Using Orbital Symmetry to Minimize Charge Recombination in Dye-Sensitized Solar Cells

Maggio, E., Martsinovich, N. and Troisi, A. (2013), Angew. Chem. Int. Ed., 52: 973–975.
Contributed by Gemma Solomon 

Orbital symmetry can be used in dye design to retard charge recombination in dye-sensitized solar cells. 

Copyright © 2013 WILEY-VCH Verlag GmbH & Co. KGaA, Weinheim

Finding the balance between competing processes is a central challenge in optimizing the performance of dye-sensitized solar cells. One aspect of this problem is the dichotomy between the requirement for fast charge injection between the dye and a semiconductor surface (for photo-induced charge separation) and slow charge recombination between the two. There are a range of strategies available for optimizing one or other of these processes; but clever chemical design is required in order to optimize the two together. Minimizing unwanted charge recombination involves beating the Coulomb interaction, and this is a formidable opponent indeed.

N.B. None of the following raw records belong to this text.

(* Let $X$ be a real Hausdorff locally convex topological vector space, let $V\subseteq X$ be convex and let $U\subseteq V$ be self-segment-dense in $V$. Then for every subset $\mathcal S\subseteq U$ one has $\operatorname{cl}(\operatorname{co}(\mathcal S)\cap U)=\operatorname{cl}(\operatorname{co}(\mathcal S))$; moreover, $\operatorname{co}(\mathcal S)\cap U$ is self-segment-dense in $\operatorname{co}(\mathcal S)$.
   Context: $\operatorname{co}$ denotes the convex hull and $\operatorname{cl}$ the closure. For $x,y\in X$, $[x,y]=\{x+t(y-x):t\in[0,1]\}$. A set $P$ is dense in $D$ if $D\subseteq\operatorname{cl}(P)$. Definition (self-segment-dense): for a convex set $V\subseteq X$ and $U\subseteq V$, $U$ is self-segment-dense in $V$ if $U$ is dense in $V$ and for all $x,y\in U$ the set $[x,y]\cap U$ is dense in $[x,y]$. *)

theory Defs
  imports "HOL-Analysis.Analysis"
begin

text \<open>The Hausdorff property is imposed via the type class t2_space.\<close>
definition real_lctvs :: "'a::{real_vector,topological_space} itself \<Rightarrow> bool" where
  "real_lctvs _ \<longleftrightarrow>
     continuous_on UNIV (\<lambda>p::'a \<times> 'a. fst p + snd p) \<and>
     continuous_on UNIV (\<lambda>p::real \<times> 'a. fst p *\<^sub>R snd p) \<and>
     (\<forall>(x::'a) S. open S \<and> x \<in> S \<longrightarrow> (\<exists>C. open C \<and> convex C \<and> x \<in> C \<and> C \<subseteq> S))"

definition dense_in :: "'a::topological_space set \<Rightarrow> 'a set \<Rightarrow> bool" where
  "dense_in P D \<longleftrightarrow> D \<subseteq> closure P"

text \<open>U is self-segment-dense in V (V convex, U a subset of V is assumed separately).\<close>
definition self_segment_dense :: "'a::{real_vector,topological_space} set \<Rightarrow> 'a set \<Rightarrow> bool" where
  "self_segment_dense U V \<longleftrightarrow>
     dense_in U V \<and> (\<forall>x\<in>U. \<forall>y\<in>U. dense_in (closed_segment x y \<inter> U) (closed_segment x y))"

end

theory Submission
  imports Defs
begin

text \<open>Let \<open>B = co(S) \<inter> U\<close>. Any two points of \<open>B\<close> span a segment inside \<open>co(S)\<close>, and segment
  density of \<open>U\<close> puts that segment into the closure of its part in \<open>U\<close>, hence into \<open>cl B\<close>.
  By continuity of the vector operations \<open>cl B\<close> is then convex; it contains \<open>S\<close>, so it
  contains \<open>co(S)\<close>.\<close>

lemma continuous_on_scaleR_const:
  assumes "continuous_on UNIV (\<lambda>p::real \<times> 'a::{real_vector,topological_space}. fst p *\<^sub>R snd p)"
  shows "continuous_on A (\<lambda>x::'a. c *\<^sub>R x)"
proof -
  have "continuous_on A ((\<lambda>p::real \<times> 'a. fst p *\<^sub>R snd p) \<circ> (\<lambda>x. (c, x)))"
    by (intro continuous_on_compose continuous_intros continuous_on_subset[OF assms]) auto
  then show ?thesis by (simp add: o_def)
qed

lemma convex_closure_if_segments_in_closure:
  fixes B :: "'a::{real_vector,topological_space} set"
  assumes add: "continuous_on UNIV (\<lambda>p::'a \<times> 'a. fst p + snd p)"
    and smul: "continuous_on UNIV (\<lambda>p::real \<times> 'a. fst p *\<^sub>R snd p)"
    and segments: "\<And>p q. p \<in> B \<Longrightarrow> q \<in> B \<Longrightarrow> closed_segment p q \<subseteq> closure B"
  shows "convex (closure B)"
  unfolding convex_alt
proof (intro ballI allI impI)
  fix p q and u :: real
  assume p: "p \<in> closure B" and q: "q \<in> closure B" and u: "0 \<le> u \<and> u \<le> 1"
  define f where "f = (\<lambda>z::'a \<times> 'a. (1 - u) *\<^sub>R fst z + u *\<^sub>R snd z)"
  have "continuous_on (closure (B \<times> B)) ((\<lambda>p::'a \<times> 'a. fst p + snd p) \<circ>
      (\<lambda>z. ((1 - u) *\<^sub>R fst z, u *\<^sub>R snd z)))"
    by (intro continuous_on_compose continuous_on_Pair continuous_on_subset[OF add]
        continuous_on_compose2[OF continuous_on_scaleR_const[OF smul]]
        continuous_on_fst continuous_on_snd continuous_on_id) auto
  then have "continuous_on (closure (B \<times> B)) f"
    by (simp add: f_def o_def)
  moreover have "f ` (B \<times> B) \<subseteq> closure B"
    using segments u by (force simp: f_def in_segment)
  ultimately have "f ` closure (B \<times> B) \<subseteq> closure B"
    by (intro image_closure_subset) auto
  moreover have "(p, q) \<in> closure (B \<times> B)"
    using p q by (simp add: closure_Times)
  ultimately show "(1 - u) *\<^sub>R p + u *\<^sub>R q \<in> closure B"
    by (force simp: f_def)
qed

lemma closed_segment_subset_closure_inter_convex:
  assumes seg: "closed_segment x y \<subseteq> closure (closed_segment x y \<inter> U)"
    and "convex K" "x \<in> K" "y \<in> K"
  shows "closed_segment x y \<subseteq> closure (closed_segment x y \<inter> (K \<inter> U))"
proof -
  have "closed_segment x y \<subseteq> K"
    using assms by (intro closed_segment_subset)
  then have "closed_segment x y \<inter> (K \<inter> U) = closed_segment x y \<inter> U"
    by blast
  then show ?thesis
    using seg by simp
qed

lemma convex_hull_subset_closure_inter:
  fixes U S :: "'a::{real_vector,topological_space} set"
  assumes add: "continuous_on UNIV (\<lambda>p::'a \<times> 'a. fst p + snd p)"
    and smul: "continuous_on UNIV (\<lambda>p::real \<times> 'a. fst p *\<^sub>R snd p)"
    and seg: "\<And>x y. x \<in> U \<Longrightarrow> y \<in> U \<Longrightarrow> closed_segment x y \<subseteq> closure (closed_segment x y \<inter> U)"
    and "S \<subseteq> U"
  shows "convex hull S \<subseteq> closure (convex hull S \<inter> U)"
proof (rule hull_minimal)
  show "S \<subseteq> closure (convex hull S \<inter> U)"
    using \<open>S \<subseteq> U\<close> hull_subset[of S convex] closure_subset by blast
  show "convex (closure (convex hull S \<inter> U))"
  proof (rule convex_closure_if_segments_in_closure[OF add smul])
    fix p q assume "p \<in> convex hull S \<inter> U" "q \<in> convex hull S \<inter> U"
    then have "closed_segment p q \<subseteq> closure (closed_segment p q \<inter> (convex hull S \<inter> U))"
      using seg by (intro closed_segment_subset_closure_inter_convex) auto
    also have "\<dots> \<subseteq> closure (convex hull S \<inter> U)"
      by (intro closure_mono) auto
    finally show "closed_segment p q \<subseteq> closure (convex hull S \<inter> U)" .
  qed
qed

theorem mainTheorem1:
  fixes V U S :: "'a::{real_vector,t2_space} set"
  assumes "real_lctvs TYPE('a)"
    and "convex V"
    and "U \<subseteq> V"
    and "self_segment_dense U V"
    and "S \<subseteq> U"
  shows "closure (convex hull S \<inter> U) = closure (convex hull S)
         \<and> self_segment_dense (convex hull S \<inter> U) (convex hull S)"
proof -
  have add: "continuous_on UNIV (\<lambda>p::'a \<times> 'a. fst p + snd p)"
    and smul: "continuous_on UNIV (\<lambda>p::real \<times> 'a. fst p *\<^sub>R snd p)"
    using assms(1) unfolding real_lctvs_def by auto
  have seg: "\<And>x y. x \<in> U \<Longrightarrow> y \<in> U \<Longrightarrow> closed_segment x y \<subseteq> closure (closed_segment x y \<inter> U)"
    using assms(4) unfolding self_segment_dense_def dense_in_def by auto
  have hull: "convex hull S \<subseteq> closure (convex hull S \<inter> U)"
    using convex_hull_subset_closure_inter[OF add smul seg \<open>S \<subseteq> U\<close>] by blast
  then have "closure (convex hull S \<inter> U) = closure (convex hull S)"
    by (metis closure_closure closure_mono inf_le1 subset_antisym)
  moreover have "self_segment_dense (convex hull S \<inter> U) (convex hull S)"
    using hull seg convex_convex_hull[of S]
    unfolding self_segment_dense_def dense_in_def
    by (auto intro!: closed_segment_subset_closure_inter_convex[THEN subsetD])
  ultimately show ?thesis by blast
qed

end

In their recent paper Maggio, Martsinovich and Troisi have proposed an elegant solution: use orbital symmetry to retard charge recombination. Building on the ideas from studies of electron transfer, they show that it is possible to design dyes where the charge injection is symmetry allowed, while charge recombination is symmetry forbidden. In terms of molecular orbitals, charge recombination involves injection into the HOMO of the dye from the semiconductor, while charge injection involves the LUMO of the dye injecting into the surface. Depending on the symmetry of the dye, and the position at which it is substituted, the authors show that it is possible to have the LUMO interacting strongly with the surface (delocalizing into the binding arm) while the HOMO remains isolated, as illustrated above.

This represents a new strategy for dye design and an exciting prediction from computational chemistry. It will be interesting to see how dyes using this strategy perform in devices and should remind us all that we have a powerful tool for molecular design with symmetry at our disposal.